lemma inner_pair_state:
  assumes "finite V" "a \<in> V" "b \<in> V" "a \<noteq> b"
  shows "(\<Sum>x\<in>V. u x * pair_state a b x) = u a - u b"
proof -
  have "u x * pair_state a b x = (if x = a then u x else 0) - (if x = b then u x else 0)" for x
    using assms(4) by (auto simp: pair_state_def char_vec_def)
  then show ?thesis
    using assms by (simp add: sum_subtractf)
qed

lemma pair_state_proportional_imp_eq:
  assumes "a \<in> V" "b \<in> V" "a \<noteq> b" "c \<noteq> d"
    and proportional: "\<And>x. x \<in> V \<Longrightarrow> pair_state a b x = \<chi> * pair_state c d x"
  shows "{a, b} = {c, d}"
proof -
  have "\<chi> * pair_state c d a = 1" "\<chi> * pair_state c d b = -1"
    using proportional[of a] proportional[of b] assms by (simp_all add: pair_state_def char_vec_def)
  then have "pair_state c d a \<noteq> 0" "pair_state c d b \<noteq> 0"
    by auto
  then have "a = c \<or> a = d" "b = c \<or> b = d"
    by (auto simp: pair_state_def char_vec_def split: if_splits)
  then show ?thesis
    using assms(3,4) by auto
qed

lemma cis_square_eq_imp:
  assumes "cis (- (\<tau> * x)) ^ 2 = cis (- (\<tau> * y)) ^ 2"
  shows "\<exists>m::int. \<tau> * (x - y) = of_int m * pi"
proof -
  have "cis (2 * \<tau> * (x - y)) = cis (- (2 * \<tau> * y)) / cis (- (2 * \<tau> * x))"
    by (simp add: cis_divide algebra_simps)
  also have "\<dots> = 1"
    using assms by (simp add: DeMoivre mult_ac)
  finally have "cos (2 * \<tau> * (x - y)) = 1"
    by (metis cis.sel(1) one_complex.sel(1))
  then obtain m :: int where "2 * \<tau> * (x - y) = of_int m * 2 * pi"
    using cos_one_2pi_int by blast
  then show ?thesis
    by auto
qed

context
  fixes V :: "'v set" and A :: "'v \<Rightarrow> 'v \<Rightarrow> bool" and a b c d :: 'v
    and \<tau> :: real and \<chi> :: complex
  assumes fin: "finite V" and sym: "\<And>x y. A x y = A y x"
    and verts: "a \<in> V" "b \<in> V" "c \<in> V" "d \<in> V" and "a \<noteq> b" "c \<noteq> d"
    and chi: "cmod \<chi> = 1"
    and transfer: "\<And>x. x \<in> V \<Longrightarrow>
      exp_evolve V (laplacian V A) \<tau> (pair_state a b) x = \<chi> * pair_state c d x"
begin
theorem mainTheorem11:
  shows
  "(\<forall>(br :: 'a::euclidean_space \<Rightarrow> 'a \<Rightarrow> 'a) (e :: nat \<Rightarrow> 'a \<Rightarrow> real) (\<alpha> :: 'a form) (\<beta> :: 'a form)
       (a :: nat \<Rightarrow> real) (v :: 'a).
     DIM('a) = 7 \<and> lie_algebra br \<and>
     coframe 7 UNIV e \<and>
     (\<forall>xs. length xs = 3 \<longrightarrow> \<alpha> xs = so4_alpha e xs) \<and>
     (\<forall>xs. length xs = 4 \<longrightarrow> \<beta> xs = so4_beta e xs) \<and>
     (\<forall>xs. length xs = 4 \<longrightarrow> dform br \<alpha> xs = 0) \<and>
     (\<forall>xs. length xs = 5 \<longrightarrow> dform br \<beta> xs = 0) \<and>
     (\<Sum>i=1..4. (a i)\<^sup>2) = 1 \<and>
     (\<forall>j\<in>{1..7}. e j v = (if j \<le> 4 then a j else 0)) \<and>
     (\<forall>x y. (\<Sum>i=1..4. a i * e i x) = 0 \<longrightarrow> (\<Sum>i=1..4. a i * e i y) = 0 \<longrightarrow>
            (\<Sum>i=1..4. a i * e i (br x y)) = 0)
     \<longrightarrow>
     (let n = {x. (\<Sum>i=1..4. a i * e i x) = 0} in
      \<exists>E. coframe 6 n E \<and>
        (\<forall>xs. length xs = 3 \<and> set xs \<subseteq> n \<longrightarrow> \<alpha> xs = sqrt 6 / 3 * sl3_rho E xs) \<and>
        (\<forall>xs. length xs = 4 \<and> set xs \<subseteq> n \<longrightarrow>
              \<beta> xs = - 1/6 * wedge 2 2 (sl3_omega E) (sl3_omega E) xs) \<and>
        (\<forall>xs. length xs = 2 \<and> set xs \<subseteq> n \<longrightarrow> sl3_omega E xs = - sqrt 3 * \<alpha> (v # xs)) \<and>
        (\<forall>xs. length xs = 4 \<and> set xs \<subseteq> n \<longrightarrow> dform br (sl3_rho E) xs = 0) \<and>
        (\<forall>xs. length xs = 5 \<and> set xs \<subseteq> n \<longrightarrow>
              dform br (wedge 2 2 (sl3_omega E) (sl3_omega E)) xs = 0) \<and>
        ((\<forall>x y. y \<in> n \<longrightarrow> br x y \<in> n) \<longrightarrow>
          (let b = (\<lambda>x. br (sqrt 2 *\<^sub>R v) x) in
           (\<forall>xs. length xs = 3 \<and> set xs \<subseteq> n \<longrightarrow>
              der_act b (sl3_rho E) xs + dform br (sl3_omega E) xs = 0) \<and>
           (\<forall>xs. length xs = 4 \<and> set xs \<subseteq> n \<longrightarrow>
              - 1/4 * der_act b (wedge 2 2 (sl3_omega E) (sl3_omega E)) xs
              + dform br (sl3_rhohat E) xs + 2 * dform br (sl3_gamma E) xs = 0)))))
   \<and>
   (\<forall>(brn :: 'n::euclidean_space \<Rightarrow> 'n \<Rightarrow> 'n) (b :: 'n \<Rightarrow> 'n) (E :: nat \<Rightarrow> 'n \<Rightarrow> real).
     DIM('n) = 6 \<and> lie_algebra brn \<and> lie_derivation brn b \<and>
     coframe 6 UNIV E \<and>
     (\<forall>xs. length xs = 4 \<longrightarrow> dform brn (sl3_rho E) xs = 0) \<and>
     (\<forall>xs. length xs = 5 \<longrightarrow> dform brn (wedge 2 2 (sl3_omega E) (sl3_omega E)) xs = 0) \<and>
     (\<forall>xs. length xs = 3 \<longrightarrow> der_act b (sl3_rho E) xs + dform brn (sl3_omega E) xs = 0) \<and>
     (\<forall>xs. length xs = 4 \<longrightarrow>
        - 1/4 * der_act b (wedge 2 2 (sl3_omega E) (sl3_omega E)) xs
        + dform brn (sl3_rhohat E) xs + 2 * dform brn (sl3_gamma E) xs = 0)
     \<longrightarrow>
     (\<exists>e :: nat \<Rightarrow> 'n \<times> real \<Rightarrow> real. coframe 7 UNIV e \<and>
        (\<forall>xs. length xs = 4 \<longrightarrow> dform (semidirect brn b) (so4_alpha e) xs = 0) \<and>
        (\<forall>xs. length xs = 5 \<longrightarrow> dform (semidirect brn b) (so4_beta e) xs = 0)))"
  by (intro conjI allI impI; elim conjE)
    (rule harmonic_so4_hyperplane_half_flat[OF lie_algebra_bilinear] semidirect_harmonic_so4; assumption)+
┄┄┄┄┄┄┄┄┄┄
- [Exercise prompt]
Search each line of the data above for "lemma", and copy the lines where it occurs.

- [Response area]
lemma inner_pair_state:
lemma pair_state_proportional_imp_eq:
lemma cis_square_eq_imp:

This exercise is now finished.